-- Records to use follows --

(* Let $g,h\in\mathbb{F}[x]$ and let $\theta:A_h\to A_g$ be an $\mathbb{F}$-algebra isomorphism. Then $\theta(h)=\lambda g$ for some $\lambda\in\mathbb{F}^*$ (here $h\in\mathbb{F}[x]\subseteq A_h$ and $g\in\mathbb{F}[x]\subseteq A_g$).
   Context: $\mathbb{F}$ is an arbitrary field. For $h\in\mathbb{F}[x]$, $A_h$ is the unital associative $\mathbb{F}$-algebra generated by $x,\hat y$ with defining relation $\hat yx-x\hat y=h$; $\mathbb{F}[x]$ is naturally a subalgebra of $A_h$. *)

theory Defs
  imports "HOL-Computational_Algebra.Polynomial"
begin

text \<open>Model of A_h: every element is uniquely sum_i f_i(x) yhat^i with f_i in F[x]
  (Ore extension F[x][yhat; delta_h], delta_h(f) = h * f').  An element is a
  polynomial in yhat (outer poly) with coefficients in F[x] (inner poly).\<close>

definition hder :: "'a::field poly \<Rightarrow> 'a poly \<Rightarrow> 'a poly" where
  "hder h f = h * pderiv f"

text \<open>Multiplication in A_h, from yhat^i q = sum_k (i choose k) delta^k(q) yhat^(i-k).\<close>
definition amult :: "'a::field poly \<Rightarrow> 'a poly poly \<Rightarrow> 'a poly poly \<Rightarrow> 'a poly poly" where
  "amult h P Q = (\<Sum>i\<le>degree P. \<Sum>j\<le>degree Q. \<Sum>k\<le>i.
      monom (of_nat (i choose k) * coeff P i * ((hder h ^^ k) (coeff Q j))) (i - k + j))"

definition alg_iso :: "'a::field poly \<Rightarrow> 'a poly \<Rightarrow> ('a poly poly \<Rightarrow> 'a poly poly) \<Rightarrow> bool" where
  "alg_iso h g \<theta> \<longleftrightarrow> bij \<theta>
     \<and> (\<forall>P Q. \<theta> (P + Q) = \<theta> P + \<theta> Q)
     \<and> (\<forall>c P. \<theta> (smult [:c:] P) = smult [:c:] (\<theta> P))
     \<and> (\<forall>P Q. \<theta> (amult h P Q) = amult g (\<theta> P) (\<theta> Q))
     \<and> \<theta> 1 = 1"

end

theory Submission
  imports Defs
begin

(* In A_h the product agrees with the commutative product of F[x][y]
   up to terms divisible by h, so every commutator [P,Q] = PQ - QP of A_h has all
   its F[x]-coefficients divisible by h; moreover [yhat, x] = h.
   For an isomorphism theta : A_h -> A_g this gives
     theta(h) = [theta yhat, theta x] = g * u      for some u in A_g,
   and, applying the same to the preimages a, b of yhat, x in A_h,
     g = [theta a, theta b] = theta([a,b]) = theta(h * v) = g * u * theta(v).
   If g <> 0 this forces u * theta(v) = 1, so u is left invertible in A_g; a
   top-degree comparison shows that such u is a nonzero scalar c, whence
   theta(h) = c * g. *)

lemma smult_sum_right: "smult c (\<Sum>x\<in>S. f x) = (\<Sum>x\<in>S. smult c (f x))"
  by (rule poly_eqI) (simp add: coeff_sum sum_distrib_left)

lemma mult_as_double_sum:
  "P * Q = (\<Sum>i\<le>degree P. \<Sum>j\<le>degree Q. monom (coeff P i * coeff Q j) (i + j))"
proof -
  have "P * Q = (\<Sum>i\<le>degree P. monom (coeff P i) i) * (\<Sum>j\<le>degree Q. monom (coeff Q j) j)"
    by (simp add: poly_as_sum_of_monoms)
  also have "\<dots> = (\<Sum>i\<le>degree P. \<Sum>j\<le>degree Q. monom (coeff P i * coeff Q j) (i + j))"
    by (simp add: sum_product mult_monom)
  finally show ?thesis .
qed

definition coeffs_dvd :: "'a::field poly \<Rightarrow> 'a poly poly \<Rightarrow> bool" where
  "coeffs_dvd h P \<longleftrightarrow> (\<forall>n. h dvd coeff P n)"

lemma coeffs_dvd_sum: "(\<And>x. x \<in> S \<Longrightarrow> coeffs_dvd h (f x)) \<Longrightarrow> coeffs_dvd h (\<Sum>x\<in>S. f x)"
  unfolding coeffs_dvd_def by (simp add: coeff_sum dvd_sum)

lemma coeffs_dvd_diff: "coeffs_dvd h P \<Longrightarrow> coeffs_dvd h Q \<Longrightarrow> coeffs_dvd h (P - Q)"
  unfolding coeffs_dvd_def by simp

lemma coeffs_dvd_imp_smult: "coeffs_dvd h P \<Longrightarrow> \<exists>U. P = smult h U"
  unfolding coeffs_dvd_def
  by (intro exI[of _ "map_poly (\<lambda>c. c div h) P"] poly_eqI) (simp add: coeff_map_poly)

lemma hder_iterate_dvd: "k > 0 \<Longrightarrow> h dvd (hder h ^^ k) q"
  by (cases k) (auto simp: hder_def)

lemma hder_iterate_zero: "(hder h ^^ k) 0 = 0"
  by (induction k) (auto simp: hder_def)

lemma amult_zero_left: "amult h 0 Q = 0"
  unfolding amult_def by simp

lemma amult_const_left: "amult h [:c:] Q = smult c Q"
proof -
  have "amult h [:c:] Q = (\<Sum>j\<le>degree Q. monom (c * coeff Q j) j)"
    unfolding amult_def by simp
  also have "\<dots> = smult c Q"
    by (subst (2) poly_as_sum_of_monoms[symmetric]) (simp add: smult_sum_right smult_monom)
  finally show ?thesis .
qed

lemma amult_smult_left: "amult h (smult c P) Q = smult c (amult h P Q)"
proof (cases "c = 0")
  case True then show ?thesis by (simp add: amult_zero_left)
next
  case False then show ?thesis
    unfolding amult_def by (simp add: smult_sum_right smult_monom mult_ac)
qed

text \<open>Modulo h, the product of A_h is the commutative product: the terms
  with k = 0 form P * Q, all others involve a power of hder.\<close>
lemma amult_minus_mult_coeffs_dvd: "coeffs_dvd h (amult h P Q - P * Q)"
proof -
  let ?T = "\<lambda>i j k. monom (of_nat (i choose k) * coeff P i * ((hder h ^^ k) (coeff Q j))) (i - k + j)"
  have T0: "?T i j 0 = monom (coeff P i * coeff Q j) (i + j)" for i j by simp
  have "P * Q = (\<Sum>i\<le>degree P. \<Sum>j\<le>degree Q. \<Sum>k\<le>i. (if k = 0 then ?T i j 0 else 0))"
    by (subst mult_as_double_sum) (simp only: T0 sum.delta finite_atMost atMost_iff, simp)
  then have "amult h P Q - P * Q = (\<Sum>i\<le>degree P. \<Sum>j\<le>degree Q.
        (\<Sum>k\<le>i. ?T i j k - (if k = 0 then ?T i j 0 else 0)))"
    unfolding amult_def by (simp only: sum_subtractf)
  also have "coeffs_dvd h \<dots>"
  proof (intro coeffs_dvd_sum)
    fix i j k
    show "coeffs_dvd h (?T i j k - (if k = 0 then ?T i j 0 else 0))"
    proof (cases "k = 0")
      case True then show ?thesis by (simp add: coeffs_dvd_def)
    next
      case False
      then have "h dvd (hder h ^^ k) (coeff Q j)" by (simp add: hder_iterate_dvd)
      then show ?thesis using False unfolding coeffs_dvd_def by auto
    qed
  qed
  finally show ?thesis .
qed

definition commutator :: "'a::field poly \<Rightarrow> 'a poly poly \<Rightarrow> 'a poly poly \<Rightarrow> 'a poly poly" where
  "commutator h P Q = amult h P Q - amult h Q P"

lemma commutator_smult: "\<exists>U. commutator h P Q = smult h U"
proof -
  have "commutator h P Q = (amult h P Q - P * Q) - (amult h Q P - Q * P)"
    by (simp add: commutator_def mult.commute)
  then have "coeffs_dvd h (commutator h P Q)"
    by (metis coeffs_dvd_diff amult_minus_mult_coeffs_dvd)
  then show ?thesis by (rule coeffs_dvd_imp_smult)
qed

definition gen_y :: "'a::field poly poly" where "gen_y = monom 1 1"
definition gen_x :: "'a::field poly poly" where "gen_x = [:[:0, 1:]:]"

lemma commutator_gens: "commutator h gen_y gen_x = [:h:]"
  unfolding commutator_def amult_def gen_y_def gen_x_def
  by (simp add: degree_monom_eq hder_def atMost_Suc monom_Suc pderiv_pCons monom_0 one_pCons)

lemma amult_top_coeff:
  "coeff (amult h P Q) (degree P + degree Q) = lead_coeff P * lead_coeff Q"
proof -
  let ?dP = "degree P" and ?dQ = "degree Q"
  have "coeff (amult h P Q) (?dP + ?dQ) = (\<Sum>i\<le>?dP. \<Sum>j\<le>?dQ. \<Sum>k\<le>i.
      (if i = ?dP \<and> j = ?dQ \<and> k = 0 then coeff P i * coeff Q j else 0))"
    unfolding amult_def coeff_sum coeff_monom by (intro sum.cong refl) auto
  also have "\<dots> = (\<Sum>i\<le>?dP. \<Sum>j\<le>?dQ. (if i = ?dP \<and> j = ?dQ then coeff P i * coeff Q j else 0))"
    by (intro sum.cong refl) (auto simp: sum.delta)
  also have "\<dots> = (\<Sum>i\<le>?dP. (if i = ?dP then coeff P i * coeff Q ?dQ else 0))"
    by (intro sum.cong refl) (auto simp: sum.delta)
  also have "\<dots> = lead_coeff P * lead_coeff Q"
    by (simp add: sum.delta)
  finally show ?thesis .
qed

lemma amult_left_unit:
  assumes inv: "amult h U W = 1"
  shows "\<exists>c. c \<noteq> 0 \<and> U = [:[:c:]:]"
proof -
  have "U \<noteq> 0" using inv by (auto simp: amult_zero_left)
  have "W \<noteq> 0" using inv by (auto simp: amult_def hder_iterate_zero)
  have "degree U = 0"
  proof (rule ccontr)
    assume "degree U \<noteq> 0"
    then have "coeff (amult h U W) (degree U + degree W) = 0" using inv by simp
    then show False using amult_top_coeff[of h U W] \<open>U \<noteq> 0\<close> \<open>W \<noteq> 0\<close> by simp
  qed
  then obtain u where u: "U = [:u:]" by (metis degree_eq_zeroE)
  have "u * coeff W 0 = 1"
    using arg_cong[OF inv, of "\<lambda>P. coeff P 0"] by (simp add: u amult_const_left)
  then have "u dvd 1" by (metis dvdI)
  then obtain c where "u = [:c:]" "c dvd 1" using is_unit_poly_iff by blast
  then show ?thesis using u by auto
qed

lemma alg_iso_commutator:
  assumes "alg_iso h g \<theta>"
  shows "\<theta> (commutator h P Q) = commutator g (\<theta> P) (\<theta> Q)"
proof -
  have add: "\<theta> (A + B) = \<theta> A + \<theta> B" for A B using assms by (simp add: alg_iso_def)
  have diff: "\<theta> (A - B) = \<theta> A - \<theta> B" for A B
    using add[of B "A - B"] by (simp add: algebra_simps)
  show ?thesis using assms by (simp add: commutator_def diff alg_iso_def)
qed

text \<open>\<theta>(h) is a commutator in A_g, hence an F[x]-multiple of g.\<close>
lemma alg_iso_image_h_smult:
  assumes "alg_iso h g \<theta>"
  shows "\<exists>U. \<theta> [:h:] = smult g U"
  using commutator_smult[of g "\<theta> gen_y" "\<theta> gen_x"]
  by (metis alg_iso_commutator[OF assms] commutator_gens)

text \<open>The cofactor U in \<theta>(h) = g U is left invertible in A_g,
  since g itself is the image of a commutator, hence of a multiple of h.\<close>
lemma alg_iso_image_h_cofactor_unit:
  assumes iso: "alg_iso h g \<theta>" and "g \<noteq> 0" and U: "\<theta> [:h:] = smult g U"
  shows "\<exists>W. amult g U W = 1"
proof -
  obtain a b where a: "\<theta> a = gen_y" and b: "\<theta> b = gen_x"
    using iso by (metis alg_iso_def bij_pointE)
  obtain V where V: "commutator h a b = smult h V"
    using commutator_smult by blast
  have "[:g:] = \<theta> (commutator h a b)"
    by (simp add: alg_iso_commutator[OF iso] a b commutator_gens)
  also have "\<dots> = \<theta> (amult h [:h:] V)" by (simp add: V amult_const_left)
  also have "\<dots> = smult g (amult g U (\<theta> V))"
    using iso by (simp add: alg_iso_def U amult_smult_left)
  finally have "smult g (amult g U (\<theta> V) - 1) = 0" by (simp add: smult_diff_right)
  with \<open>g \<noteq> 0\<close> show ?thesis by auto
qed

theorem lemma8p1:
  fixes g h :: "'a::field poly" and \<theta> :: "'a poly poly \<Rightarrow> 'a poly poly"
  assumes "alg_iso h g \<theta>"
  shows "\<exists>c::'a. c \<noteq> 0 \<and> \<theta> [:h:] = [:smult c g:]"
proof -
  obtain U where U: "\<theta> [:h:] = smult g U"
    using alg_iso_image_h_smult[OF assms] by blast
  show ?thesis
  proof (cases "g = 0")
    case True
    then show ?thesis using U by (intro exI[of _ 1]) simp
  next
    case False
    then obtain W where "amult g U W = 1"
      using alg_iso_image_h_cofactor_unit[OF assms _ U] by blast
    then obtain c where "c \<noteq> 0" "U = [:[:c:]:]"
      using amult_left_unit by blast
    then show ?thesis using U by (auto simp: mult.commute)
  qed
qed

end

-- Records to use concluded --
-- Records to use follows --

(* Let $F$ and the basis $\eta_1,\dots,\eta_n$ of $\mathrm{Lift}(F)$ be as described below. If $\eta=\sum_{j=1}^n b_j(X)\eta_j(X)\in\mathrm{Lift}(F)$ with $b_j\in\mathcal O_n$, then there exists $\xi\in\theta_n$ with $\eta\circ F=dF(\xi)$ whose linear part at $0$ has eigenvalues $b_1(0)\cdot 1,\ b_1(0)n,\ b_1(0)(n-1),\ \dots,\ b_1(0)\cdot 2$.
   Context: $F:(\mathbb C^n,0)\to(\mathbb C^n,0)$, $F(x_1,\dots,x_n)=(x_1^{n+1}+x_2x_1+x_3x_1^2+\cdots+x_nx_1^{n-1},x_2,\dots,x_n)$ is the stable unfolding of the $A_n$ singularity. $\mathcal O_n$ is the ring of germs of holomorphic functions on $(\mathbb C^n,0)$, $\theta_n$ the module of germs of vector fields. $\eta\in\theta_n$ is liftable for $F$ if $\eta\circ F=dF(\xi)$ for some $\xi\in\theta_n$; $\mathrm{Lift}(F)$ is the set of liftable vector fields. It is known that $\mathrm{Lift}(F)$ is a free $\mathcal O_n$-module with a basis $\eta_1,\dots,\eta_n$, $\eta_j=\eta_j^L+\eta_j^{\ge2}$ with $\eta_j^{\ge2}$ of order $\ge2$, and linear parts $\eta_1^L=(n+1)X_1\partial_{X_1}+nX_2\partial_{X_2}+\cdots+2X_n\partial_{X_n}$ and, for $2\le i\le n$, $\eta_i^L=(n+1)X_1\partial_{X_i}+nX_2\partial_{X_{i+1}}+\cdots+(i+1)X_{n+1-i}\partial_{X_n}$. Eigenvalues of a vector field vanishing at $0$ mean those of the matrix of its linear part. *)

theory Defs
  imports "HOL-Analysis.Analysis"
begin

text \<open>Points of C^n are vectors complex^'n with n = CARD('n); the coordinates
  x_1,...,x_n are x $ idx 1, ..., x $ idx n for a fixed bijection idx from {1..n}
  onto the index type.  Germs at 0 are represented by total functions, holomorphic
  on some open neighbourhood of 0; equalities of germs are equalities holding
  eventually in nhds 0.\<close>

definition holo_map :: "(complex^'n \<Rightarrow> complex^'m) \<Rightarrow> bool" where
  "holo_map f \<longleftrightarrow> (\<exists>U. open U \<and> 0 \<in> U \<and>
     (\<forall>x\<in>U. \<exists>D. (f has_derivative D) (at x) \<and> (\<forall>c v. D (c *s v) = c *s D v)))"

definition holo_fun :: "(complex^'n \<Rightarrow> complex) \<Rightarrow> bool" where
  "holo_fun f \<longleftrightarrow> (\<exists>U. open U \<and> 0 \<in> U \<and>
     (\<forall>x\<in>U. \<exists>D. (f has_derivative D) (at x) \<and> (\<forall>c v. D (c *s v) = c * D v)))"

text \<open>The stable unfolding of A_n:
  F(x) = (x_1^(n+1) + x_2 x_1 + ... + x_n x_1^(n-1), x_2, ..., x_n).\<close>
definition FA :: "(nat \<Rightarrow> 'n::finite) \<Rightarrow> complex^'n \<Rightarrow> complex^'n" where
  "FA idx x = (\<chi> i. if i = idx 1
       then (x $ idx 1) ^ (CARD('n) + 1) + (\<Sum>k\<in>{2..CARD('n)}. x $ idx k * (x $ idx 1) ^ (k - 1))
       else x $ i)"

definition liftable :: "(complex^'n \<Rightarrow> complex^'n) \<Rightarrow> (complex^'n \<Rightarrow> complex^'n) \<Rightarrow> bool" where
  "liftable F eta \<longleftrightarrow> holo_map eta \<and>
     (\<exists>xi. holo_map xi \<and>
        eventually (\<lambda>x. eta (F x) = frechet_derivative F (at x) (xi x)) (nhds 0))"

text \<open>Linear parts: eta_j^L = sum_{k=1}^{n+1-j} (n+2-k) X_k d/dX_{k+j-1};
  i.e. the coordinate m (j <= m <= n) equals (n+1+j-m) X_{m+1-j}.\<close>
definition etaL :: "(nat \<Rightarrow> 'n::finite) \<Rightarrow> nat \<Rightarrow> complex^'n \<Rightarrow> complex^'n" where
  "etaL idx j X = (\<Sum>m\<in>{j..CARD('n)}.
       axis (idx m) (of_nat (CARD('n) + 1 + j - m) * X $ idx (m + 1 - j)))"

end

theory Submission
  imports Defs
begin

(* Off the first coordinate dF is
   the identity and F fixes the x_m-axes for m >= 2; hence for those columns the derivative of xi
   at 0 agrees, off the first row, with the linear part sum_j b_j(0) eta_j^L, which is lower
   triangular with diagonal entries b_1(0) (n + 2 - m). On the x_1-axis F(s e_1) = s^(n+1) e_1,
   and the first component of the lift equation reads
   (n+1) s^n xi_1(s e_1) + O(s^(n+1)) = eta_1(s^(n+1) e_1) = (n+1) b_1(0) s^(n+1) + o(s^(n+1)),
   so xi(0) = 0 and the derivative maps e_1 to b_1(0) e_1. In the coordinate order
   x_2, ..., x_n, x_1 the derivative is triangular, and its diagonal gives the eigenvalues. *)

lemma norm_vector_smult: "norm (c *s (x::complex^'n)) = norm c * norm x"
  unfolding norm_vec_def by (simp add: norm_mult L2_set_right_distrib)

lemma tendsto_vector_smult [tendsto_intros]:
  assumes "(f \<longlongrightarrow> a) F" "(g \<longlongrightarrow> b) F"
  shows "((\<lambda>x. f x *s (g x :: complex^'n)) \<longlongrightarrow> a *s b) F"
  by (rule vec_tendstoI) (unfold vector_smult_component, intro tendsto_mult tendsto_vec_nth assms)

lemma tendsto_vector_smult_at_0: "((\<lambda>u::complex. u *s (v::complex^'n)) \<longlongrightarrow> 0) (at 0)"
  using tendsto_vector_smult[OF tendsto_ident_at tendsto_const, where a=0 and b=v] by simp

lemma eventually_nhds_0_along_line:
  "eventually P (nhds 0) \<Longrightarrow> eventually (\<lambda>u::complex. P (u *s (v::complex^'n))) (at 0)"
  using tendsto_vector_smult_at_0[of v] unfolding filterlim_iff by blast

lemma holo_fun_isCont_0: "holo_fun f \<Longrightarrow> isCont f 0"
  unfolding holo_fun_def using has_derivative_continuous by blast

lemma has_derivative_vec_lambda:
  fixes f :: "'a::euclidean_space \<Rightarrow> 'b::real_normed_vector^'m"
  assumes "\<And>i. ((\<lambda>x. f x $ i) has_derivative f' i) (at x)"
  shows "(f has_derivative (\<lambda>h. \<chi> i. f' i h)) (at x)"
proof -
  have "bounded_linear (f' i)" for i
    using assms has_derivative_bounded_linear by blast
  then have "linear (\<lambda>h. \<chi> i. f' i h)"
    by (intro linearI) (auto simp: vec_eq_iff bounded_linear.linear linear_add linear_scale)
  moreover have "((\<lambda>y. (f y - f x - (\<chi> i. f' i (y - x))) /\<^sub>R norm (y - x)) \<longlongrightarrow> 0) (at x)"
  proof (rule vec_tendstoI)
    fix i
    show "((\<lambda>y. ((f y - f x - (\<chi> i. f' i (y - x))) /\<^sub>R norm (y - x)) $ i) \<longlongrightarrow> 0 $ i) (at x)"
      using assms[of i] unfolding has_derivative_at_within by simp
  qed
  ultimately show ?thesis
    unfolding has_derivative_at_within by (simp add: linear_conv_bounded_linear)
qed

-- Records to use concluded --

> [Activity]
Look over the entries above. Copy every line that contains the word "metis".

> [Solution below]
    by (metis coeffs_dvd_diff amult_minus_mult_coeffs_dvd)
  then obtain u where u: "U = [:u:]" by (metis degree_eq_zeroE)
  then have "u dvd 1" by (metis dvdI)
  by (metis alg_iso_commutator[OF assms] commutator_gens)
    using iso by (metis alg_iso_def bij_pointE)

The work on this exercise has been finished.